[Start of Attachment]

(* Let $0<\alpha\leq 1/2$. Then the equation $$\cos(2\pi\alpha) =\cos(2\pi\sqrt{\lambda}) - \frac{1-\sqrt{1-4\lambda}}{4\sqrt{\lambda}}\, \sin(2\pi\sqrt{\lambda})$$ has a unique solution $\lambda=\lambda_*(\alpha)$ in the interval $(0,\alpha^2)$. *)

theory Defs
  imports Complex_Main
begin

end

theory Submission
  imports Defs
begin

text \<open>
  Substitute \<open>s = sqrt \<lambda>\<close> and rationalise the coefficient:
  \<open>(1 - sqrt (1 - 4 s\<^sup>2)) / (4 s) = g s\<close> with \<open>g s = s / (1 + sqrt (1 - 4 s\<^sup>2))\<close>.
  For \<open>0 < s < 1/2\<close> the equation \<open>cos (2\<pi>s) - g s sin (2\<pi>s) = C\<close> with \<open>C = cos (2\<pi>\<alpha>)\<close>
  says \<open>(cos (2\<pi>s) - C) / sin (2\<pi>s) = g s\<close>; the left side is strictly decreasing
  (its derivative is \<open>(C cos x - 1) / sin\<^sup>2 x < 0\<close>) and \<open>g\<close> strictly increasing, which gives
  uniqueness. Existence follows from the intermediate value theorem: the right-hand side
  is \<open>1 > C\<close> at \<open>s = 0\<close> and below \<open>C\<close> at \<open>s = \<alpha>\<close> when \<open>\<alpha> < 1/2\<close>; for \<open>\<alpha> = 1/2\<close>, where
  \<open>C = -1\<close>, a numerical evaluation at \<open>s = 12/25\<close> takes its place.
\<close>

lemma four_sq_le_one:
  fixes s :: real
  assumes "\<bar>s\<bar> \<le> 1/2"
  shows "4*s^2 \<le> 1"
  using abs_square_le_1[of "2*s"] assms by (simp add: power_mult_distrib)

lemma one_plus_sqrt_pos:
  fixes s :: real
  assumes "\<bar>s\<bar> \<le> 1/2"
  shows "0 < 1 + sqrt (1 - 4*s^2)"
  using four_sq_le_one[OF assms] by (simp add: add_pos_nonneg)

lemma one_minus_sqrt_div_eq:
  fixes s :: real
  assumes "s \<noteq> 0" "4*s^2 \<le> 1"
  shows "(1 - sqrt (1 - 4*s^2)) / (4*s) = s / (1 + sqrt (1 - 4*s^2))"
proof -
  define r where "r = sqrt (1 - 4*s^2)"
  have "r \<ge> 0" and "r^2 = 1 - 4*s^2"
    using assms(2) unfolding r_def by auto
  then have "(1 - r) * (1 + r) = 4*s*s" and "1 + r \<noteq> 0"
    by (auto simp: algebra_simps power2_eq_square)
  with assms(1) show ?thesis
    unfolding r_def[symmetric] by (simp add: divide_simps)
qed

lemma strict_mono_on_div_one_plus_sqrt:
  "strict_mono_on {0..1/2} (\<lambda>s::real. s / (1 + sqrt (1 - 4*s^2)))"
proof (rule strict_mono_onI)
  fix s t :: real
  assume "s \<in> {0..1/2}" "t \<in> {0..1/2}" "s < t"
  then have le: "sqrt (1 - 4*t^2) \<le> sqrt (1 - 4*s^2)"
    using power_strict_mono[of s t 2] by simp
  have den_s: "0 < 1 + sqrt (1 - 4*s^2)" and den_t: "0 < 1 + sqrt (1 - 4*t^2)"
    using \<open>s \<in> {0..1/2}\<close> \<open>t \<in> {0..1/2}\<close> by (auto intro!: one_plus_sqrt_pos)
  have "s / (1 + sqrt (1 - 4*s^2)) < t / (1 + sqrt (1 - 4*s^2))"
    using \<open>s < t\<close> den_s by (rule divide_strict_right_mono)
  also have "\<dots> \<le> t / (1 + sqrt (1 - 4*t^2))"
    using \<open>s < t\<close> \<open>s \<in> {0..1/2}\<close> le den_s den_t by (intro divide_left_mono) auto
  finally show "s / (1 + sqrt (1 - 4*s^2)) < t / (1 + sqrt (1 - 4*t^2))" .
qed

lemma strict_antimono_on_cos_minus_div_sin:
  fixes C :: real
  assumes "\<bar>C\<bar> \<le> 1"
  shows "strict_antimono_on {0<..<pi} (\<lambda>x. (cos x - C) / sin x)"
proof (rule monotone_onI)
  fix a b assume ab: "a \<in> {0<..<pi}" "b \<in> {0<..<pi}" "a < b"
  show "(cos b - C) / sin b < (cos a - C) / sin a"
  proof (rule DERIV_neg_imp_decreasing[OF \<open>a < b\<close>])
    fix x assume "a \<le> x" "x \<le> b"
    with ab have sin_pos: "sin x > 0"
      by (intro sin_gt_zero) auto
    then have "(cos x)^2 < 1"
      using sin_cos_squared_add[of x, unfolded power2_eq_square] mult_pos_pos[OF sin_pos sin_pos]
      unfolding power2_eq_square by linarith
    then have "\<bar>cos x\<bar> < 1"
      by (simp add: abs_square_less_1)
    moreover have "\<bar>C\<bar> * \<bar>cos x\<bar> \<le> \<bar>cos x\<bar>"
      using assms by (intro mult_left_le_one_le) auto
    ultimately have "\<bar>C * cos x\<bar> < 1"
      by (simp add: abs_mult)
    then have "(C * cos x - 1) / (sin x)^2 < 0"
      using sin_pos by (simp add: divide_neg_pos)
    moreover have "DERIV (\<lambda>t. (cos t - C) / sin t) x :> (C * cos x - 1) / (sin x)^2"
    proof -
      have "DERIV (\<lambda>t. (cos t - C) / sin t) x
              :> (- sin x * sin x - (cos x - C) * cos x) / (sin x * sin x)"
        using sin_pos by (auto intro!: derivative_eq_intros)
      also have "- sin x * sin x - (cos x - C) * cos x = C * cos x - 1"
        using sin_cos_squared_add[of x] by (simp add: power2_eq_square algebra_simps)
      finally show ?thesis by (simp add: power2_eq_square)
    qed
    ultimately show "\<exists>y. DERIV (\<lambda>t. (cos t - C) / sin t) x :> y \<and> y < 0"
      by blast
  qed
qed

definition trig_rhs :: "real \<Rightarrow> real" where
  "trig_rhs s = cos (2*pi*s) - s / (1 + sqrt (1 - 4*s^2)) * sin (2*pi*s)"

lemma trig_rhs_sqrt:
  fixes l :: real
  assumes "0 < l" "4*l \<le> 1"
  shows "cos (2*pi*sqrt l) - (1 - sqrt (1 - 4*l)) / (4 * sqrt l) * sin (2*pi*sqrt l)
           = trig_rhs (sqrt l)"
  using one_minus_sqrt_div_eq[of "sqrt l"] assms by (simp add: trig_rhs_def)

lemma trig_rhs_0 [simp]: "trig_rhs 0 = 1"
  by (simp add: trig_rhs_def)

lemma continuous_on_trig_rhs: "continuous_on {0..1/2} trig_rhs"
proof -
  have "1 + sqrt (1 - 4*s^2) \<noteq> 0" if "s \<in> {0..1/2}" for s :: real
    using one_plus_sqrt_pos[of s] that by simp
  then show ?thesis
    unfolding trig_rhs_def by (intro continuous_intros) auto
qed

lemma trig_rhs_12_25_less: "trig_rhs (12/25) < -1"
proof -
  define x where "x = pi/25"
  have sqrt_eq: "sqrt (1 - 4*(12/25)^2) = (7/25::real)"
    by (rule real_sqrt_unique) (auto simp: power2_eq_square)
  have coeff: "(12/25) / (1 + sqrt (1 - 4*(12/25)^2)) = (3/8::real)"
    unfolding sqrt_eq by simp
  have angle: "2*pi*(12/25) = pi - x"
    unfolding x_def by simp
  have rhs: "trig_rhs (12/25) = - cos x - 3/8 * sin x"
    unfolding trig_rhs_def coeff angle by simp
  have "0 < x" "x < pi/2" "x < 4/25"
    unfolding x_def using pi_gt_zero pi_less_4 by linarith+
  then have sin_pos: "sin x > 0" and "sin x < 48/73" and "cos x > 0"
    using sin_x_le_x[of x] by (auto intro!: sin_gt_zero cos_gt_zero)
  have "(1 - 3/8 * sin x)^2 = 1 - 3/4 * sin x + 9/64 * (sin x * sin x)"
    by (simp add: power2_eq_square algebra_simps)
  also have "\<dots> < 1 - sin x * sin x" \<comment> \<open>equivalent to \<open>sin x < 48/73\<close>\<close>
    using mult_strict_left_mono[OF \<open>sin x < 48/73\<close> sin_pos] by linarith
  also have "\<dots> = (cos x)^2"
    using cos_squared_eq[of x] by (simp add: power2_eq_square)
  finally have "(1 - 3/8 * sin x)^2 < (cos x)^2" .
  then have "1 - 3/8 * sin x < cos x"
    by (rule power2_less_imp_less) (use \<open>cos x > 0\<close> in linarith)
  then show ?thesis
    unfolding rhs by linarith
qed

lemma trig_rhs_level_unique:
  fixes C s t :: real
  assumes "\<bar>C\<bar> \<le> 1" "s \<in> {0<..<1/2}" "t \<in> {0<..<1/2}" "trig_rhs s = C" "trig_rhs t = C"
  shows "s = t"
proof -
  define d where "d s = s / (1 + sqrt (1 - 4*s^2)) - (cos (2*pi*s) - C) / sin (2*pi*s)" for s
  have "strict_mono_on {0<..<1/2} d"
  proof (rule strict_mono_onI)
    fix u v :: real assume "u \<in> {0<..<1/2}" "v \<in> {0<..<1/2}" "u < v"
    then have "u / (1 + sqrt (1 - 4*u^2)) < v / (1 + sqrt (1 - 4*v^2))"
      and "(cos (2*pi*v) - C) / sin (2*pi*v) < (cos (2*pi*u) - C) / sin (2*pi*u)"
      using strict_mono_onD[OF strict_mono_on_div_one_plus_sqrt, of u v]
        monotone_onD[OF strict_antimono_on_cos_minus_div_sin[OF assms(1)], of "2*pi*u" "2*pi*v"]
      by auto
    then show "d u < d v"
      unfolding d_def by linarith
  qed
  moreover have "d u = 0" if "u \<in> {0<..<1/2}" "trig_rhs u = C" for u
  proof -
    have "sin (2*pi*u) > 0"
      using that by (intro sin_gt_zero) auto
    moreover have "cos (2*pi*u) - C = u / (1 + sqrt (1 - 4*u^2)) * sin (2*pi*u)"
      using that(2) by (simp add: trig_rhs_def)
    ultimately show ?thesis
      by (simp add: d_def)
  qed
  ultimately show ?thesis
    using assms strict_mono_on_imp_inj_on by (metis inj_on_def)
qed

lemma trig_rhs_below_level:
  fixes \<alpha> :: real
  assumes "0 < \<alpha>" "\<alpha> \<le> 1/2"
  obtains b where "0 < b" "b \<le> \<alpha>" "trig_rhs b < cos (2*pi*\<alpha>)"
proof (cases "\<alpha> < 1/2")
  case True
  have "\<alpha> / (1 + sqrt (1 - 4*\<alpha>^2)) > 0"
    using assms one_plus_sqrt_pos[of \<alpha>] by simp
  moreover have "sin (2*pi*\<alpha>) > 0"
    using assms True by (intro sin_gt_zero) auto
  ultimately have "\<alpha> / (1 + sqrt (1 - 4*\<alpha>^2)) * sin (2*pi*\<alpha>) > 0"
    by (rule mult_pos_pos)
  then have "trig_rhs \<alpha> < cos (2*pi*\<alpha>)"
    unfolding trig_rhs_def by linarith
  with assms that show ?thesis by blast
next
  case False
  then have "\<alpha> = 1/2" using assms by simp
  then show ?thesis
    using that[of "12/25"] trig_rhs_12_25_less unfolding \<open>\<alpha> = 1/2\<close> by simp
qed

lemma trig_rhs_level_ex1:
  fixes \<alpha> :: real
  assumes "0 < \<alpha>" "\<alpha> \<le> 1/2"
  shows "\<exists>!s. s \<in> {0<..<\<alpha>} \<and> trig_rhs s = cos (2*pi*\<alpha>)"
proof -
  have "cos (2*pi*\<alpha>) < 1"
    using assms cos_monotone_0_pi[of 0 "2*pi*\<alpha>"] by auto
  obtain b where b: "0 < b" "b \<le> \<alpha>" "trig_rhs b < cos (2*pi*\<alpha>)"
    using trig_rhs_below_level[OF assms] .
  have "continuous_on {0..b} trig_rhs"
    using continuous_on_trig_rhs by (rule continuous_on_subset) (use b assms in auto)
  then obtain s where "0 \<le> s" "s \<le> b" "trig_rhs s = cos (2*pi*\<alpha>)"
    using IVT2'[of trig_rhs b "cos (2*pi*\<alpha>)" 0] b \<open>cos (2*pi*\<alpha>) < 1\<close> by auto
  then have "s \<in> {0<..<\<alpha>}"
    using b \<open>cos (2*pi*\<alpha>) < 1\<close> by (cases "s = 0"; cases "s = b") auto
  moreover have "t = s" if "t \<in> {0<..<\<alpha>}" "trig_rhs t = cos (2*pi*\<alpha>)" for t
    using trig_rhs_level_unique[of "cos (2*pi*\<alpha>)" t s] that \<open>s \<in> {0<..<\<alpha>}\<close>
      \<open>trig_rhs s = cos (2*pi*\<alpha>)\<close> assms by auto
  ultimately show ?thesis
    using \<open>trig_rhs s = cos (2*pi*\<alpha>)\<close> by blast
qed

lemma bij_betw_Ex1_iff:
  assumes "bij_betw f A B"
  shows "(\<exists>!x. x \<in> A \<and> P (f x)) \<longleftrightarrow> (\<exists>!y. y \<in> B \<and> P y)"
proof
  assume "\<exists>!x. x \<in> A \<and> P (f x)"
  then obtain x where x: "x \<in> A" "P (f x)" and unique: "\<And>x'. x' \<in> A \<Longrightarrow> P (f x') \<Longrightarrow> x' = x"
    by blast
  show "\<exists>!y. y \<in> B \<and> P y"
  proof (intro ex1I conjI)
    show "f x \<in> B" "P (f x)"
      using x assms by (auto simp: bij_betw_apply)
    fix y assume "y \<in> B \<and> P y"
    then show "y = f x"
      using assms unique[of "inv_into A f y"]
      by (metis bij_betw_imp_surj_on bij_betw_inv_into_right inv_into_into)
  qed
next
  assume "\<exists>!y. y \<in> B \<and> P y"
  then obtain y where y: "y \<in> B" "P y" and unique: "\<And>y'. y' \<in> B \<Longrightarrow> P y' \<Longrightarrow> y' = y"
    by blast
  show "\<exists>!x. x \<in> A \<and> P (f x)"
  proof (intro ex1I conjI)
    show "inv_into A f y \<in> A" "P (f (inv_into A f y))"
      using y assms by (auto simp: bij_betw_inv_into_right bij_betw_imp_surj_on inv_into_into)
    fix x assume "x \<in> A \<and> P (f x)"
    then show "x = inv_into A f y"
      using assms unique[of "f x"] by (metis bij_betw_apply bij_betw_inv_into_left)
  qed
qed

lemma bij_betw_sqrt_interval:
  fixes a :: real
  assumes "0 \<le> a"
  shows "bij_betw sqrt {0<..<a^2} {0<..<a}"
proof (rule bij_betw_byWitness[where f' = "\<lambda>s. s^2"])
  show "sqrt ` {0<..<a^2} \<subseteq> {0<..<a}"
    using assms real_sqrt_less_mono[of _ "a^2"] by fastforce
  show "(\<lambda>s. s^2) ` {0<..<a} \<subseteq> {0<..<a^2}"
    using assms by (auto intro!: power_strict_mono)
qed auto

theorem lemma4p1:
  fixes \<alpha> :: real
  assumes "0 < \<alpha>" and "\<alpha> \<le> 1/2"
  shows "\<exists>!l::real. l \<in> {0<..<\<alpha>^2} \<and>
           cos (2*pi*\<alpha>) = cos (2*pi*sqrt l)
             - (1 - sqrt (1 - 4*l)) / (4 * sqrt l) * sin (2*pi*sqrt l)"
proof -
  have "4*\<alpha>^2 \<le> 1"
    using assms by (intro four_sq_le_one) auto
  then have "cos (2*pi*sqrt l) - (1 - sqrt (1 - 4*l)) / (4 * sqrt l) * sin (2*pi*sqrt l)
               = trig_rhs (sqrt l)" if "l \<in> {0<..<\<alpha>^2}" for l
    using that by (intro trig_rhs_sqrt) auto
  then have "(\<lambda>l. l \<in> {0<..<\<alpha>^2} \<and> cos (2*pi*\<alpha>) = cos (2*pi*sqrt l)
                - (1 - sqrt (1 - 4*l)) / (4 * sqrt l) * sin (2*pi*sqrt l))
           = (\<lambda>l. l \<in> {0<..<\<alpha>^2} \<and> trig_rhs (sqrt l) = cos (2*pi*\<alpha>))"
    by auto
  moreover have "\<exists>!l. l \<in> {0<..<\<alpha>^2} \<and> trig_rhs (sqrt l) = cos (2*pi*\<alpha>)"
    using bij_betw_Ex1_iff[OF bij_betw_sqrt_interval, of \<alpha> "\<lambda>s. trig_rhs s = cos (2*pi*\<alpha>)"]
      trig_rhs_level_ex1[OF assms] assms by simp
  ultimately show ?thesis
    by simp
qed

end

[End of Attachment]

About this task →
Up to and including the line with "For \<open>0 <", output each line of the entries above exactly, starting from the first.

Task answer →
(* Let $0<\alpha\leq 1/2$. Then the equation $$\cos(2\pi\alpha) =\cos(2\pi\sqrt{\lambda}) - \frac{1-\sqrt{1-4\lambda}}{4\sqrt{\lambda}}\, \sin(2\pi\sqrt{\lambda})$$ has a unique solution $\lambda=\lambda_*(\alpha)$ in the interval $(0,\alpha^2)$. *)

theory Defs
  imports Complex_Main
begin

end

theory Submission
  imports Defs
begin

text \<open>
  Substitute \<open>s = sqrt \<lambda>\<close> and rationalise the coefficient:
  \<open>(1 - sqrt (1 - 4 s\<^sup>2)) / (4 s) = g s\<close> with \<open>g s = s / (1 + sqrt (1 - 4 s\<^sup>2))\<close>.
  For \<open>0 < s < 1/2\<close> the equation \<open>cos (2\<pi>s) - g s sin (2\<pi>s) = C\<close> with \<open>C = cos (2\<pi>\<alpha>)\<close>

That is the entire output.